Gelelim neden şişmanlayıp hastalandığımıza? Yukarda yazdım, atalarımız aşırı kilolu değildi ve bugün dünyamızda yaygın olan hastalıklardan hiçbirine de yakalanmıyorlardı. Kitabımızın yazarına göre, avcı-toplayıcı olarak yaşamayı bırakıp çiftçilik yapmaya, yani yiyeceğini toplamak ya da avlanmak yerine yetiştirmeye başlar başlamaz kilo alıp, hastalıklara yakalanır olmuşuz.
Yazarın bir diğer tesbiti de çok ilginç, bugün bizi tehdit eden, obezite, 2. Tip şeker, tansiyon, kalp rahatsızlıkları, Alzheimer gibi hastalıklar medeniyet hastalıkları ve atalarımız bu hastalıklarla hiç tanışmadılar. Yazdığım tip hastalıkların kökeninin insan metabolizmasıyla ilgili problem ve iltihaplanmalara dayandığını iddia eden De Vany, bedenlerimizin modern hayatta sağlıklı yaşayamadığını yazmış. Aslında haksız da değil! Masabaşı işlerin getirdiği hareketsizlik, alkolde, ilaçlarda, yiyeceklerde aşırıya kaçılması, hayatın bir parçası.

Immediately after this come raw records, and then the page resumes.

lemma concentrated_L2_le_sup_measure:
  fixes f :: "real \<Rightarrow> complex"
  assumes U[measurable]: "U \<in> sets lebesgue" "emeasure lebesgue U < \<infinity>"
    and [measurable]: "f \<in> borel_measurable lebesgue"
    and conc: "eps_concentrated \<epsilon> U f"
    and bound: "AE x in lebesgue. cmod (f x) \<le> M"
    and L2: "L2_norm_sq f = ennreal n" "n \<ge> 0"
  shows "(1 - \<epsilon>\<^sup>2) * n \<le> M\<^sup>2 * measure lebesgue U"
proof -
  have "(\<integral>\<^sup>+x. indicator U x * ennreal ((cmod (f x))\<^sup>2) \<partial>lebesgue)
      \<le> (\<integral>\<^sup>+x. ennreal (M\<^sup>2) * indicator U x \<partial>lebesgue)"
    using bound by (intro nn_integral_mono_AE) (auto split: split_indicator intro!: power_mono)
  also have "\<dots> = ennreal (M\<^sup>2 * measure lebesgue U)"
    using U by (simp add: nn_integral_cmult_indicator emeasure_eq_ennreal_measure ennreal_mult)
  finally have inside: "(\<integral>\<^sup>+x. indicator U x * ennreal ((cmod (f x))\<^sup>2) \<partial>lebesgue)
      \<le> ennreal (M\<^sup>2 * measure lebesgue U)" .
  have outside: "(\<integral>\<^sup>+x. indicator (UNIV - U) x * ennreal ((cmod (f x))\<^sup>2) \<partial>lebesgue) \<le> ennreal (\<epsilon>\<^sup>2 * n)"
    using conc L2 unfolding eps_concentrated_def by (simp add: ennreal_mult)
  have "ennreal n = (\<integral>\<^sup>+x. indicator U x * ennreal ((cmod (f x))\<^sup>2)
      + indicator (UNIV - U) x * ennreal ((cmod (f x))\<^sup>2) \<partial>lebesgue)"
    unfolding L2(1)[symmetric] L2_norm_sq_def
    by (intro nn_integral_cong) (simp split: split_indicator)
  also have "\<dots> \<le> ennreal (M\<^sup>2 * measure lebesgue U) + ennreal (\<epsilon>\<^sup>2 * n)"
    using inside outside by (subst nn_integral_add) (auto intro: add_mono)
  also have "\<dots> = ennreal (M\<^sup>2 * measure lebesgue U + \<epsilon>\<^sup>2 * n)"
    using L2 by (simp add: ennreal_plus)
  finally have "ennreal n \<le> ennreal (M\<^sup>2 * measure lebesgue U + \<epsilon>\<^sup>2 * n)" .
  then have "n \<le> M\<^sup>2 * measure lebesgue U + \<epsilon>\<^sup>2 * n"
    using L2 by (subst (asm) ennreal_le_iff) auto
  then show ?thesis by (simp add: algebra_simps)
qed
(* Fix a positive integer $n$ and let $PC_n$ be the set of unordered pairs $\{\alpha,\beta\}$ of compositions with $|\alpha|+|\beta|=n$. The relation $\{\alpha,\beta\}\le\{\gamma,\delta\}$ if and only if $L_\gamma L_\delta-L_\alpha L_\beta$ is $L$-positive (a nonnegative integer combination of fundamental quasi-symmetric functions) is a partial order on $PC_n$.
   Context: A composition of $n\ge0$ is a sequence of positive integers summing to $n$ (for $n=0$ this is the empty composition, for which $L$ is taken to be $1$). For a composition $\alpha=(\alpha_1,\dots,\alpha_k)$ of $n\ge1$, $D(\alpha)=\{\alpha_1,\dots,\alpha_1+\dots+\alpha_{k-1}\}$, $M_\alpha=\sum_{i_1<\dots<i_k}x_{i_1}^{\alpha_1}\cdots x_{i_k}^{\alpha_k}$, and $L_\alpha=\sum_{|\beta|=n,D(\beta)\subseteq D(\alpha)}M_\beta$. *)

theory Defs
  imports Main "HOL-Library.Multiset"
begin

(* Formal power series in the variables x_0, x_1, ... with integer coefficients,
   represented by their coefficient function on exponent vectors (monomials)
   e :: nat => nat. *)
type_synonym fps_int = "(nat \<Rightarrow> nat) \<Rightarrow> int"

definition is_monomial :: "(nat \<Rightarrow> nat) \<Rightarrow> bool" where
  "is_monomial e \<longleftrightarrow> finite {i. e i \<noteq> 0}"

definition fmul :: "fps_int \<Rightarrow> fps_int \<Rightarrow> fps_int" where
  "fmul f g = (\<lambda>e. if is_monomial e then
      (\<Sum>(a,b)\<in>{(a,b). \<forall>i. a i + b i = e i}. f a * g b) else 0)"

Atalarımıza göre biz çok daha fazla kronik stres yaşıyoruz. Onların yaşadığı stres keskin ve aralıklıydı. Nitekim kronik olarak yaşadığımız stres, birçok hastalığın da kaynağı. Hatta, zenginlik, malk mülk bile hiç bitmeyen stresi azaltmıyor, aksine artırıyor.

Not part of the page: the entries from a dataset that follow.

(* Let $\mu=g\,dx$ be a finite Borel measure on $\mathbb{R}^d$ absolutely continuous with respect to Lebesgue measure, with density $g\ge0$. If $\mu$ admits a tight frame measure (in particular a Plancherel measure), then $g$ is a constant multiple of the characteristic function of a set (its support) Lebesgue-a.e. Consequently, if $g$ is not a constant multiple of a characteristic function, then $\mu$ admits no tight frame of weighted exponentials $\{w_\lambda e_\lambda:\lambda\in\Lambda\}$ ($w_\lambda\in\mathbb{C}$) for $L^2(\mu)$, and in particular no orthonormal basis of exponentials. *)

theory Defs
  imports "HOL-Analysis.Analysis"
begin

text \<open>Setting: mu = g dx on a Euclidean space 'a (playing the role of R^d).
  Exponentials e_t(x) = exp(2 pi i t.x).\<close>

definition exp_fun :: "'a::euclidean_space \<Rightarrow> 'a \<Rightarrow> complex" where
  "exp_fun t x = exp (2 * complex_of_real pi * \<i> * complex_of_real (t \<bullet> x))"

definition in_L2 :: "('a::euclidean_space \<Rightarrow> real) \<Rightarrow> ('a \<Rightarrow> complex) \<Rightarrow> bool" where
  "in_L2 g f \<longleftrightarrow> f \<in> borel_measurable borel \<and>
     integrable lborel (\<lambda>x. g x * (cmod (f x))\<^sup>2)"

definition L2_norm_sq :: "('a::euclidean_space \<Rightarrow> real) \<Rightarrow> ('a \<Rightarrow> complex) \<Rightarrow> real" where
  "L2_norm_sq g f = (\<integral>x. g x * (cmod (f x))\<^sup>2 \<partial>lborel)"

definition inner_exp :: "('a::euclidean_space \<Rightarrow> real) \<Rightarrow> ('a \<Rightarrow> complex) \<Rightarrow> 'a \<Rightarrow> complex" where
  "inner_exp g f t = (\<integral>x. complex_of_real (g x) * f x * cnj (exp_fun t x) \<partial>lborel)"

definition tight_frame_measure :: "('a::euclidean_space \<Rightarrow> real) \<Rightarrow> 'a measure \<Rightarrow> bool" where
  "tight_frame_measure g \<nu> \<longleftrightarrow> sets \<nu> = sets borel \<and>
     (\<exists>A>0. \<forall>f. in_L2 g f \<longrightarrow>
        (\<integral>\<^sup>+ t. ennreal ((cmod (inner_exp g f t))\<^sup>2) \<partial>\<nu>) = ennreal (A * L2_norm_sq g f))"

definition tight_weighted_exp_frame ::
  "('a::euclidean_space \<Rightarrow> real) \<Rightarrow> 'a set \<Rightarrow> ('a \<Rightarrow> complex) \<Rightarrow> bool" where
  "tight_weighted_exp_frame g \<Lambda> w \<longleftrightarrow>
     (\<exists>A>0. \<forall>f. in_L2 g f \<longrightarrow>
        ((\<lambda>l. (cmod (inner_exp g f l * cnj (w l)))\<^sup>2) has_sum (A * L2_norm_sq g f)) \<Lambda>)"

definition exp_ONB :: "('a::euclidean_space \<Rightarrow> real) \<Rightarrow> 'a set \<Rightarrow> bool" where
  "exp_ONB g \<Lambda> \<longleftrightarrow>
     (\<forall>l\<in>\<Lambda>. \<forall>l'\<in>\<Lambda>. inner_exp g (exp_fun l) l' = (if l = l' then 1 else 0)) \<and>
     (\<forall>f. in_L2 g f \<longrightarrow> (\<forall>l\<in>\<Lambda>. inner_exp g f l = 0) \<longrightarrow> L2_norm_sq g f = 0)"

end

theory Submission
  imports Defs
begin

text \<open>
  Each of these objects makes \<open>g\<close> \<^emph>\<open>phase invariant\<close>: the norm of \<open>f \<in> L\<^sup>2(\<mu>)\<close> is determined
  by the moduli \<open>|\<langle>f, e\<^sub>t\<rangle>|\<close>.  For an orthonormal basis this needs Parseval's identity, which
  we derive from Bessel's inequality and the completeness (Riesz--Fischer) of \<open>L\<^sup>2(g dx)\<close>.
  Translating \<open>1\<^sub>B g\<close> by \<open>a\<close> only multiplies its Fourier transform by a unimodular factor, so
  phase invariance yields \<open>\<integral>\<^sub>B g = \<integral>\<^sub>B g\<^sup>2 / g(\<cdot> + a)\<close> for suitable sets \<open>B\<close>; hence \<open>g = g(\<cdot> + a)\<close>
  a.e. where both are positive, for every \<open>a\<close>.  By Tonelli this forces \<open>g\<close> to be constant on
  its support.
\<close>

section \<open>Exponentials and translations\<close>

lemma exp_fun_add: "exp_fun t (x + y) = exp_fun t x * exp_fun t y"
  unfolding exp_fun_def by (simp add: inner_add_right distrib_left exp_add[symmetric])

lemma cmod_exp_fun [simp]: "cmod (exp_fun t x) = 1"
  unfolding exp_fun_def by (simp add: norm_exp_eq_Re)

lemma exp_fun_measurable [measurable]: "exp_fun t \<in> borel_measurable borel"
  unfolding exp_fun_def by (intro borel_measurable_continuous_onI continuous_intros)

lemma borel_measurable_cnj [measurable]:
  "f \<in> borel_measurable M \<Longrightarrow> (\<lambda>x. cnj (f x)) \<in> borel_measurable M"
  by (rule measurable_compose[where g = cnj])
    (auto intro: borel_measurable_continuous_onI continuous_intros)

lemma lborel_distr_translate:
  "distr lborel borel (\<lambda>x. x - a) = (lborel :: 'a::euclidean_space measure)"
proof -
  have "(\<lambda>x. x - a) = (+) (- a)" by (auto simp: fun_eq_iff)
  then show ?thesis by (simp add: lborel_distr_plus)
qed

lemma integral_translate:
  fixes F :: "'a::euclidean_space \<Rightarrow> 'b::{banach, second_countable_topology}"
  assumes "F \<in> borel_measurable borel"
  shows "(\<integral>x. F (x - a) \<partial>lborel) = integral\<^sup>L lborel F"
proof -
  have "integral\<^sup>L (distr lborel borel (\<lambda>x. x - a)) F = (\<integral>x. F (x - a) \<partial>lborel)"
    by (rule integral_distr) (use assms in auto)
  then show ?thesis by (simp only: lborel_distr_translate)
qed

lemma integrable_translate:
  fixes F :: "'a::euclidean_space \<Rightarrow> 'b::{banach, second_countable_topology}"
  assumes "F \<in> borel_measurable borel"
  shows "integrable lborel (\<lambda>x. F (x - a)) \<longleftrightarrow> integrable lborel F"
proof -
  have "integrable (distr lborel borel (\<lambda>x. x - a)) F \<longleftrightarrow> integrable lborel (\<lambda>x. F (x - a))"
    by (rule integrable_distr_eq) (use assms in auto)
  then show ?thesis by (simp only: lborel_distr_translate)
qed

lemma nn_integral_translate:
  fixes F :: "'a::euclidean_space \<Rightarrow> ennreal"
  assumes "F \<in> borel_measurable borel"
  shows "(\<integral>\<^sup>+ x. F (x - a) \<partial>lborel) = integral\<^sup>N lborel F"
proof -
  have "integral\<^sup>N (distr lborel borel (\<lambda>x. x - a)) F = (\<integral>\<^sup>+ x. F (x - a) \<partial>lborel)"
    by (rule nn_integral_distr) (use assms in auto)
  then show ?thesis by (simp only: lborel_distr_translate)
qed

text \<open>Translating the measure \<open>f \<mu>\<close> by \<open>a\<close> multiplies its Fourier coefficients by the
  unimodular factor \<open>e_t(-a)\<close>.  Here \<open>h\<close> is a density of the translate with respect to \<open>\<mu>\<close>.\<close>

lemma inner_exp_translate:
  assumes [measurable]: "f \<in> borel_measurable borel" "g \<in> borel_measurable borel"
    and h: "\<And>x. complex_of_real (g x) * h x = complex_of_real (g (x - a)) * f (x - a)"
  shows "inner_exp g h t = cnj (exp_fun t a) * inner_exp g f t"
proof -
  have meas: "(\<lambda>x. complex_of_real (g x) * f x * cnj (exp_fun t (x + a))) \<in> borel_measurable borel"
    unfolding exp_fun_add by measurable
  have "inner_exp g h t = (\<integral>x. complex_of_real (g (x - a)) * f (x - a) * cnj (exp_fun t x) \<partial>lborel)"
    unfolding inner_exp_def h ..
  also have "\<dots> = (\<integral>x. complex_of_real (g x) * f x * cnj (exp_fun t (x + a)) \<partial>lborel)"
    using integral_translate[OF meas, of a] by simp
  also have "\<dots> = (\<integral>x. cnj (exp_fun t a) * (complex_of_real (g x) * f x * cnj (exp_fun t x)) \<partial>lborel)"
    by (simp only: exp_fun_add complex_cnj_mult mult_ac)
  also have "\<dots> = cnj (exp_fun t a) * inner_exp g f t"
    unfolding inner_exp_def by (rule integral_mult_right_zero)
  finally show ?thesis .
qed

section \<open>Phase retrieval forces a constant density\<close>

text \<open>Every tight frame (measure) of
  exponentials makes \<open>g\<close> phase invariant, and this is all the argument uses.\<close>

definition phase_invariant :: "('a::euclidean_space \<Rightarrow> real) \<Rightarrow> bool" where
  "phase_invariant g \<longleftrightarrow> (\<forall>f h. in_L2 g f \<longrightarrow> in_L2 g h \<longrightarrow>
     (\<forall>t. cmod (inner_exp g f t) = cmod (inner_exp g h t)) \<longrightarrow> L2_norm_sq g f = L2_norm_sq g h)"

lemma L2_norm_sq_nonneg: "(\<And>x. g x \<ge> 0) \<Longrightarrow> L2_norm_sq g f \<ge> 0"
  unfolding L2_norm_sq_def by (intro integral_nonneg_AE) auto

lemma tight_frame_measure_phase_invariant:
  assumes "\<And>x. g x \<ge> 0" and "tight_frame_measure g \<nu>"
  shows "phase_invariant g"
  unfolding phase_invariant_def
proof (intro allI impI)
  fix f h assume f: "in_L2 g f" and h: "in_L2 g h"
    and coeff: "\<forall>t. cmod (inner_exp g f t) = cmod (inner_exp g h t)"
  from assms(2) obtain A where "A > 0" and frame: "\<And>f. in_L2 g f \<Longrightarrow>
      (\<integral>\<^sup>+ t. ennreal ((cmod (inner_exp g f t))\<^sup>2) \<partial>\<nu>) = ennreal (A * L2_norm_sq g f)"
    unfolding tight_frame_measure_def by blast
  have "ennreal (A * L2_norm_sq g f) = ennreal (A * L2_norm_sq g h)"
    using frame[OF f] frame[OF h] coeff by simp
  then show "L2_norm_sq g f = L2_norm_sq g h"
    using \<open>A > 0\<close> L2_norm_sq_nonneg[of g f, OF assms(1)] L2_norm_sq_nonneg[of g h, OF assms(1)]
    by (simp add: ennreal_inj)
qed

Bu kitabı okuyuncaya kadar, 40.000 yıl önce yaşayan atalarımın benimle tamamen aynı özellikleri taşıdığını bilmiyordum. Üstelik, bugün bizi tehdit eden hastalıklarla da hiç tanışmadığının farkında değildim. Ya, stres yüzünden bedenimize musallat ettiğimiz onca hastalığa ne demeli?
Evet, kitap gayet güzel tercüme edilmiş, gayet sürekleyici bir diller yazılmış, elinizden bırakmak istemiyorsunuz. Ben buraya, ilk 16 sayfanın özetini yazdım. Daha fazlası için kitabı almanızı tavsiye ederim.